All of the required Virginia localities and stakeholders have agreed to the $26 billion settlement framework that Attorney General Mark R. Herring and his colleagues negotiated against opioid distributors and Johnson & Johnson.
Because of this 100 percent commitment, the Commonwealth of Virginia will receive the maximum amount of money available to state and local governments as quickly as possible, Herring said in a release announcing the agreement.
The Commonwealth’s share is expected to be approximately $530 million for state and local governments, though the total would have been significantly reduced and the timeframe extended if even one locality had opted-out of the framework. Virginia is one of the first states to secure 100 percent voluntary participation from local stakeholders, and the majority of the funds will be deposited into the Virginia Opioid Abatement Authority to fund opioid abuse prevention, education, treatment, and recovery efforts.
“This is really great news for the Commonwealth because it means we’re going to have the most money possible—hundreds of millions of dollars—available as quickly as possible to support substance abuse prevention, treatment, and recovery. It will, without a doubt, be the biggest investment in treatment and recovery in the history of the Commonwealth,” said Herring. “We know there is a huge need for treatment and recovery services, which is why we worked so hard to secure buy-in from localities, and why we created the Opioid Abatement Authority to handle the Commonwealth’s share of any recovered funds. While no dollar amount will ever bring back the loved ones lost, we’re still going to get every dollar we can from the big pharmaceutical companies that helped create and prolong this crisis because we want them to be held accountable for their actions and we want them to help pay the cost of fixing the problem they created.
“I really appreciate the partnership, hard work, and commitment of our partners in this endeavor, including the local governments, their attorneys, and Senator Pillion and the members of the Opioid Abatement Authority. Because of our shared commitment, we’re going to make an historic investment in the health and well-being of our people,” he added.
In July 2021, Herring helped secure a $26 billion settlement from opioid distributors McKesson, AmerisourceBergen, and Cardinal, and opioid manufacturer Johnson & Johnson. The amount available to the Commonwealth and its localities is expected to total approximately $530 million with the majority of the Commonwealth’s share going into the Opioid Abatement Authority created by Attorney General Herring to ensure the money is used to support treatment and prevention.

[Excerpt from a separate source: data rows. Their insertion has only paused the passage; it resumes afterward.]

lemma heisA_swap_mult_eq_koranyi_pow4:
  "heisA (heis_mult (heis_inv q) p) * heisA (heis_mult (heis_inv p) q)
     = complex_of_real (koranyi (heis_mult (heis_inv p) q) ^ 4)"
proof -
  have "heis_mult (heis_inv q) p = heis_inv (heis_mult (heis_inv p) q)"
    by (simp add: heis_inv_mult_inv)
  then show ?thesis
    by (simp only: heisA_heis_inv koranyi_pow4 complex_norm_square mult.commute)
qed

lemma tendsto_heisA_heis_mult_inv:
  assumes "(f \<longlongrightarrow> p) F"
  shows "((\<lambda>x. heisA (heis_mult (heis_inv (f x)) q)) \<longlongrightarrow> heisA (heis_mult (heis_inv p) q)) F"
  using assms unfolding heisA_def heis_mult_def heis_inv_def by (intro tendsto_intros)

lemma cross_ratio_divide_eq:
  "cross_ratio p1 p2 p3 p4 / (a * b)
     = (heisA (heis_mult (heis_inv p3) p1) / a) * (heisA (heis_mult (heis_inv p4) p2) / b)
       / (heisA (heis_mult (heis_inv p4) p1) * heisA (heis_mult (heis_inv p3) p2))"
  by (simp add: cross_ratio_def divide_inverse inverse_mult_distrib mult_ac)

lemma legendrian_C1_snd_deriv_div_tendsto_0:
  assumes leg: "legendrian_C1 I w w'" and "s \<in> I" and ws: "w s = (0, 0)"
  shows "((\<lambda>\<tau>. snd (w' \<tau>) / (\<tau> - s)) \<longlongrightarrow> 0) (at s)"
proof -
  from leg have "open I" and der: "(w has_vector_derivative w' s) (at s)"
    and "continuous_on I w'" and hor: "\<And>\<tau>. \<tau> \<in> I \<Longrightarrow> horizontal (w \<tau>) (w' \<tau>)"
    using \<open>s \<in> I\<close> unfolding legendrian_C1_def by auto
  have w'_lim: "(w' \<longlongrightarrow> w' s) (at s)"
    using \<open>continuous_on I w'\<close> \<open>open I\<close> \<open>s \<in> I\<close> continuous_on_eq_continuous_at isCont_def by blast
  have dq: "((\<lambda>\<tau>. (w \<tau> - w s) /\<^sub>R (\<tau> - s)) \<longlongrightarrow> w' s) (at s)"
    using der has_vector_derivative_iff_difference_quotient by blast
  have "((\<lambda>\<tau>. Im (cnj (fst ((w \<tau> - w s) /\<^sub>R (\<tau> - s))) * fst (w' \<tau>)) / 2)
      \<longlongrightarrow> Im (cnj (fst (w' s)) * fst (w' s)) / 2) (at s)"
    by (intro tendsto_intros dq w'_lim) simp
  then have "((\<lambda>\<tau>. Im (cnj (fst ((w \<tau> - w s) /\<^sub>R (\<tau> - s))) * fst (w' \<tau>)) / 2) \<longlongrightarrow> 0) (at s)"
    by (rule tendsto_eq_rhs) simp
  moreover have "\<forall>\<^sub>F \<tau> in at s. Im (cnj (fst ((w \<tau> - w s) /\<^sub>R (\<tau> - s))) * fst (w' \<tau>)) / 2
      = snd (w' \<tau>) / (\<tau> - s)"
    using eventually_at_in_open[OF \<open>open I\<close> \<open>s \<in> I\<close>]
  proof eventually_elim
    case (elim \<tau>)
    have "fst ((w \<tau> - w s) /\<^sub>R (\<tau> - s)) = fst (w \<tau>) / complex_of_real (\<tau> - s)"
      by (simp add: ws scaleR_conv_of_real divide_inverse mult.commute)
    then have "Im (cnj (fst ((w \<tau> - w s) /\<^sub>R (\<tau> - s))) * fst (w' \<tau>)) / 2
        = Im (cnj (fst (w \<tau>)) * fst (w' \<tau>)) / (2 * (\<tau> - s))"
      by (simp add: complex_cnj_divide Im_divide_of_real)
    also have "Im (cnj (fst (w \<tau>)) * fst (w' \<tau>)) = 2 * snd (w' \<tau>)"
      using hor[of \<tau>] elim by (simp add: horizontal_def)
    also have "2 * snd (w' \<tau>) / (2 * (\<tau> - s)) = snd (w' \<tau>) / (\<tau> - s)"
      by (rule mult_divide_mult_cancel_left) simp
    finally show ?case .
  qed
  ultimately show ?thesis
    by (rule Lim_transform_eventually)
qed

lemma legendrian_C1_snd_div_square_tendsto_0:
  assumes leg: "legendrian_C1 I w w'" and "s \<in> I" and ws: "w s = (0, 0)"
  shows "((\<lambda>\<tau>. snd (w \<tau>) / (\<tau> - s)\<^sup>2) \<longlongrightarrow> 0) (at s)"
proof -
  from leg have "open I" and der: "\<And>\<tau>. \<tau> \<in> I \<Longrightarrow> (w has_vector_derivative w' \<tau>) (at \<tau>)"
    unfolding legendrian_C1_def by auto
  have "((\<lambda>\<tau>. snd (w' \<tau>) / (\<tau> - s) / 2) \<longlongrightarrow> 0) (at s)"
    using tendsto_divide_zero[OF legendrian_C1_snd_deriv_div_tendsto_0[OF assms]] .
  then have ratio: "((\<lambda>\<tau>. snd (w' \<tau>) / (2 * (\<tau> - s))) \<longlongrightarrow> 0) (at s)"
    by (simp add: mult.commute)
  show ?thesis
  proof (rule lhopital[OF _ _ _ _ _ _ ratio])
    show "((\<lambda>\<tau>. snd (w \<tau>)) \<longlongrightarrow> 0) (at s)"
      using tendsto_snd[OF has_vector_derivative_continuous[OF der[OF \<open>s \<in> I\<close>],
          unfolded isCont_def]] ws by simp
    show "((\<lambda>\<tau>. (\<tau> - s)\<^sup>2) \<longlongrightarrow> 0) (at s)"
      by (auto intro!: tendsto_eq_intros)
    show "\<forall>\<^sub>F \<tau> in at s. (\<tau> - s)\<^sup>2 \<noteq> 0" "\<forall>\<^sub>F \<tau> in at s. 2 * (\<tau> - s) \<noteq> 0"
      by (simp_all add: eventually_at_filter)
    show "\<forall>\<^sub>F \<tau> in at s. ((\<lambda>\<tau>. (\<tau> - s)\<^sup>2) has_real_derivative 2 * (\<tau> - s)) (at \<tau>)"
      by (auto intro!: always_eventually derivative_eq_intros)
    show "\<forall>\<^sub>F \<tau> in at s. ((\<lambda>\<tau>. snd (w \<tau>)) has_real_derivative snd (w' \<tau>)) (at \<tau>)"
      using eventually_at_in_open'[OF \<open>open I\<close> \<open>s \<in> I\<close>]
      by eventually_elim
        (simp add: has_real_derivative_iff_has_vector_derivative
          bounded_linear.has_vector_derivative[OF bounded_linear_snd der])
  qed
qed

lemma legendrian_C1_heisA_div_square_tendsto:
  assumes leg: "legendrian_C1 I \<gamma> \<gamma>'" and "s \<in> I"
  shows "((\<lambda>\<tau>. heisA (heis_mult (heis_inv (\<gamma> \<tau>)) (\<gamma> s)) / complex_of_real ((\<tau> - s)\<^sup>2))
           \<longlongrightarrow> complex_of_real ((hnorm (\<gamma>' s))\<^sup>2)) (at s)"
proof -
  define w where "w \<tau> = heis_mult (heis_inv (\<gamma> s)) (\<gamma> \<tau>)" for \<tau>
  have "legendrian_C1 I w (\<lambda>\<tau>. heis_dL (heis_inv (\<gamma> s)) (\<gamma>' \<tau>))"
    unfolding w_def using leg by (rule legendrian_C1_heis_mult)
  then have vertical: "((\<lambda>\<tau>. snd (w \<tau>) / (\<tau> - s)\<^sup>2) \<longlongrightarrow> 0) (at s)"
    using \<open>s \<in> I\<close> by (rule legendrian_C1_snd_div_square_tendsto_0) (simp add: w_def heis_mult_inv_self)
  have "(\<gamma> has_vector_derivative \<gamma>' s) (at s)"
    using leg \<open>s \<in> I\<close> unfolding legendrian_C1_def by blast
  then have "((\<lambda>\<tau>. (\<gamma> \<tau> - \<gamma> s) /\<^sub>R (\<tau> - s)) \<longlongrightarrow> \<gamma>' s) (at s)"
    by (simp only: has_vector_derivative_iff_difference_quotient)
  then have "((\<lambda>\<tau>. fst ((\<gamma> \<tau> - \<gamma> s) /\<^sub>R (\<tau> - s))) \<longlongrightarrow> fst (\<gamma>' s)) (at s)"
    by (rule tendsto_fst)
  moreover have "fst ((\<gamma> \<tau> - \<gamma> s) /\<^sub>R (\<tau> - s)) = fst (w \<tau>) / complex_of_real (\<tau> - s)" for \<tau>
  proof -
    have "fst (w \<tau>) = fst (\<gamma> \<tau>) - fst (\<gamma> s)"
      by (simp add: w_def heis_mult_def heis_inv_def)
    then show ?thesis
      by (simp add: scaleR_conv_of_real divide_inverse mult.commute)
  qed
  ultimately have horizontal: "((\<lambda>\<tau>. fst (w \<tau>) / complex_of_real (\<tau> - s)) \<longlongrightarrow> fst (\<gamma>' s)) (at s)"
    by simp
  have "heisA (heis_mult (heis_inv (\<gamma> \<tau>)) (\<gamma> s)) / complex_of_real ((\<tau> - s)\<^sup>2)
      = complex_of_real ((cmod (fst (w \<tau>) / complex_of_real (\<tau> - s)))\<^sup>2)
        + 4 * \<i> * complex_of_real (snd (w \<tau>) / (\<tau> - s)\<^sup>2)" for \<tau>
  proof -
    have "heis_mult (heis_inv (\<gamma> \<tau>)) (\<gamma> s) = heis_inv (w \<tau>)"
      by (simp add: w_def heis_inv_mult_inv)
    then show ?thesis
      by (simp add: heisA_heis_inv complex_eq_iff Re_heisA Im_heisA norm_divide power_divide
          flip: of_real_diff)
  qed
  moreover have "((\<lambda>\<tau>. complex_of_real ((cmod (fst (w \<tau>) / complex_of_real (\<tau> - s)))\<^sup>2)
        + 4 * \<i> * complex_of_real (snd (w \<tau>) / (\<tau> - s)\<^sup>2))
      \<longlongrightarrow> complex_of_real ((cmod (fst (\<gamma>' s)))\<^sup>2) + 4 * \<i> * complex_of_real 0) (at s)"
    by (intro tendsto_intros horizontal vertical)
  ultimately show ?thesis
    by (simp add: hnorm_def)
qed

theorem proposition6p1:
  fixes I :: "real set" and \<gamma> \<gamma>' :: "real \<Rightarrow> complex \<times> real" and s t :: real
  assumes "legendrian_C1 I \<gamma> \<gamma>'"
    and "s \<in> I" and "t \<in> I" and "s \<noteq> t"
    and "\<gamma> s \<noteq> \<gamma> t"
  shows "((\<lambda>(ds, dt). cross_ratio (\<gamma> s) (\<gamma> t) (\<gamma> (s + ds)) (\<gamma> (t + dt))
              / complex_of_real (ds\<^sup>2 * dt\<^sup>2))
          \<longlongrightarrow> complex_of_real
                ((hnorm (\<gamma>' s) * hnorm (\<gamma>' t) / (koranyi (heis_mult (heis_inv (\<gamma> s)) (\<gamma> t)))\<^sup>2)\<^sup>2))
         (at (0, 0) within {(ds, dt). ds \<noteq> 0 \<and> dt \<noteq> 0})"
proof -
  let ?F = "at (0::real, 0::real) within {(ds, dt). ds \<noteq> 0 \<and> dt \<noteq> 0}"
  let ?A = "\<lambda>p q. heisA (heis_mult (heis_inv p) q)"
  have "filterlim fst (at 0) ?F" "filterlim snd (at 0) ?F"
    by (auto intro: filterlim_fst_at_within filterlim_snd_at_within)
  note along = filterlim_compose[OF _ this(1)] filterlim_compose[OF _ this(2)]
  have tangent: "((\<lambda>h. ?A (\<gamma> (r + h)) (\<gamma> r) / complex_of_real (h\<^sup>2))
      \<longlongrightarrow> complex_of_real ((hnorm (\<gamma>' r))\<^sup>2)) (at 0)" if "r \<in> I" for r
    using LIM_offset_zero[OF legendrian_C1_heisA_div_square_tendsto[OF assms(1) that]] by simp
  have curve: "((\<lambda>h. \<gamma> (r + h)) \<longlongrightarrow> \<gamma> r) (at 0)" if "r \<in> I" for r
    using assms(1) that has_vector_derivative_continuous LIM_offset_zero isCont_def
    unfolding legendrian_C1_def by blast
  have chords: "((\<lambda>x. ?A (\<gamma> (t + snd x)) (\<gamma> s) * ?A (\<gamma> (s + fst x)) (\<gamma> t))
      \<longlongrightarrow> complex_of_real (koranyi (heis_mult (heis_inv (\<gamma> s)) (\<gamma> t)) ^ 4)) ?F"
    unfolding heisA_swap_mult_eq_koranyi_pow4[symmetric]
    by (intro tendsto_mult tendsto_heisA_heis_mult_inv along curve assms(2,3))
  have "complex_of_real (koranyi (heis_mult (heis_inv (\<gamma> s)) (\<gamma> t)) ^ 4) \<noteq> 0"
    using assms(5) by (simp add: koranyi_pow4 heisA_eq_0_iff heis_mult_inv_eq_0_iff)
  from tendsto_divide[OF tendsto_mult[OF along(1)[OF tangent[OF assms(2)]]
      along(2)[OF tangent[OF assms(3)]]] chords this]
  show ?thesis
    unfolding of_real_mult cross_ratio_divide_eq case_prod_beta'
    by (rule tendsto_eq_rhs) (simp add: power_divide power_mult_distrib flip: power_mult)
qed
definition monom :: "int \<Rightarrow> int \<Rightarrow> nat \<Rightarrow> lser" where
  "monom a b k = (\<lambda>i j n. if i = a \<and> j = b \<and> n = k then 1 else 0)"

definition mono_mul :: "int \<Rightarrow> int \<Rightarrow> nat \<Rightarrow> lser \<Rightarrow> lser" where
  "mono_mul a b k G = (\<lambda>i j n. if k \<le> n then G (i - a) (j - b) (n - k) else 0)"

text \<open>Multiplication by S = x + 1/x + y + 1/y.\<close>
definition S_mul :: "lser \<Rightarrow> lser" where
  "S_mul G = (\<lambda>i j n. G (i - 1) j n + G (i + 1) j n + G i (j - 1) n + G i (j + 1) n)"

definition coeff_x0 :: "lser \<Rightarrow> lser" where
  "coeff_x0 G = (\<lambda>i j n. if i = 0 then G 0 j n else 0)"

definition coeff_y0 :: "lser \<Rightarrow> lser" where
  "coeff_y0 G = (\<lambda>i j n. if j = 0 then G i 0 n else 0)"

text \<open>[x^<] G and [y^<] G: terms with negative x- (resp. y-) exponent.\<close>
definition xneg :: "lser \<Rightarrow> lser" where
  "xneg G = (\<lambda>i j n. if i < 0 then G i j n else 0)"

definition yneg :: "lser \<Rightarrow> lser" where
  "yneg G = (\<lambda>i j n. if j < 0 then G i j n else 0)"

definition subst_xinv :: "lser \<Rightarrow> lser" where
  "subst_xinv G = (\<lambda>i j n. G (- i) j n)"

definition subst_yinv :: "lser \<Rightarrow> lser" where
  "subst_yinv G = (\<lambda>i j n. G i (- j) n)"

text \<open>Coefficients of the Laurent polynomial S^n.\<close>
fun powS :: "nat \<Rightarrow> int \<Rightarrow> int \<Rightarrow> rat" where
  "powS 0 i j = (if i = 0 \<and> j = 0 then 1 else 0)"
| "powS (Suc n) i j = powS n (i - 1) j + powS n (i + 1) j + powS n i (j - 1) + powS n i (j + 1)"

text \<open>1/(1 - S t) = sum_n S^n t^n, expanded as a power series in t.\<close>
definition recip_1_minus_St :: lser where
  "recip_1_minus_St = (\<lambda>i j n. powS n i j)"

text \<open>Multiplication by the Laurent polynomial x y - (1/x) y - x (1/y) + (1/x)(1/y).\<close>
definition numer_mul :: "lser \<Rightarrow> lser" where
  "numer_mul G = (\<lambda>i j n. G (i - 1) (j - 1) n - G (i + 1) (j - 1) n
                          - G (i - 1) (j + 1) n + G (i + 1) (j + 1) n)"

definition steps4 :: "(int \<times> int) set" where
  "steps4 = {(1, 0), (-1, 0), (0, 1), (0, -1)}"

definition endpoint :: "(int \<times> int) list \<Rightarrow> int \<times> int" where
  "endpoint ws = (sum_list (map fst ws), sum_list (map snd ws))"

definition quadrant_walks :: "int \<Rightarrow> int \<Rightarrow> nat \<Rightarrow> (int \<times> int) list set" where
  "quadrant_walks i j n = {ws. length ws = n \<and> set ws \<subseteq> steps4
      \<and> (\<forall>k \<le> n. 0 \<le> fst (endpoint (take k ws)) \<and> 0 \<le> snd (endpoint (take k ws)))
      \<and> endpoint ws = (i, j)}"

definition a_walks :: "nat \<Rightarrow> nat \<Rightarrow> nat \<Rightarrow> nat" where
  "a_walks i j n = card (quadrant_walks (int i) (int j) n)"

definition Qser :: lser where
  "Qser = (\<lambda>i j n. if 0 \<le> i \<and> 0 \<le> j then of_nat (a_walks (nat i) (nat j) n) else 0)"

definition satisfies_eqn :: "lser \<Rightarrow> bool" where
  "satisfies_eqn F \<longleftrightarrow> (\<forall>i j n.
     F i j n - mono_mul 0 0 1 (S_mul F) i j n
       = monom (-1) (-1) 0 i j n - mono_mul (-1) 0 1 (coeff_x0 F) i j n
         - mono_mul 0 (-1) 1 (coeff_y0 F) i j n)"

end

theory Submission
  imports Defs
begin

text \<open>Comparing coefficients of t^(n+1) in the functional equation gives a recurrence for F in n,
  which on the negative quadrant i, j < 0 is exactly the last-step recurrence for quadrant walks
  ending at (-i-1, -j-1): the boundary terms [x^0]F and [y^0]F cancel the steps that would leave
  the quadrant. The reflection principle expresses the walk counts as the orbit sum of the
  coefficients of S^n under the reflections i \<mapsto> -2-i and j \<mapsto> -2-j; after the shift
  (i, j) \<mapsto> (-i-1, -j-1) this orbit sum is the coefficient of the numerator times 1/(1 - S t),
  which is odd in i. Hence F1 - F1(1/x) is that coefficient on the whole half plane j < 0.\<close>

lemma endpoint_snoc:
  "endpoint (ws @ [s]) = (fst (endpoint ws) + fst s, snd (endpoint ws) + snd s)"
  by (simp add: endpoint_def)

Under the terms of the settlement, states’ shares were based on the percentage of qualifying localities who agreed to participate in the settlement. Some provisions of the settlement meant that the amount of recoverable money could have been cut by nearly half if only 10% of the localities opted out. After months of hard work, 133 cities and counties, ten towns, eleven school districts, three hospital authorities, and one sheriff’s office have all agreed to participate, meaning that the Commonwealth will get every dollar available to it, and a significant portion of J&J’s payment will be made in one upfront payment rather than spread over four years.
The opioid crisis has been one of Herring’s top priorities, and as part of this work he has focused on accountability for pharmaceutical manufacturers and distributors who helped create, prolong, and profit from the opioid crisis in Virginia and around the country. Herring has filed suit against Purdue Pharma; the Sackler Family, owners of Purdue Pharma; and Teva/Cephalon for the alleged roles they played in creating the opioid epidemic. Additional multistate investigations and legal actions remain ongoing.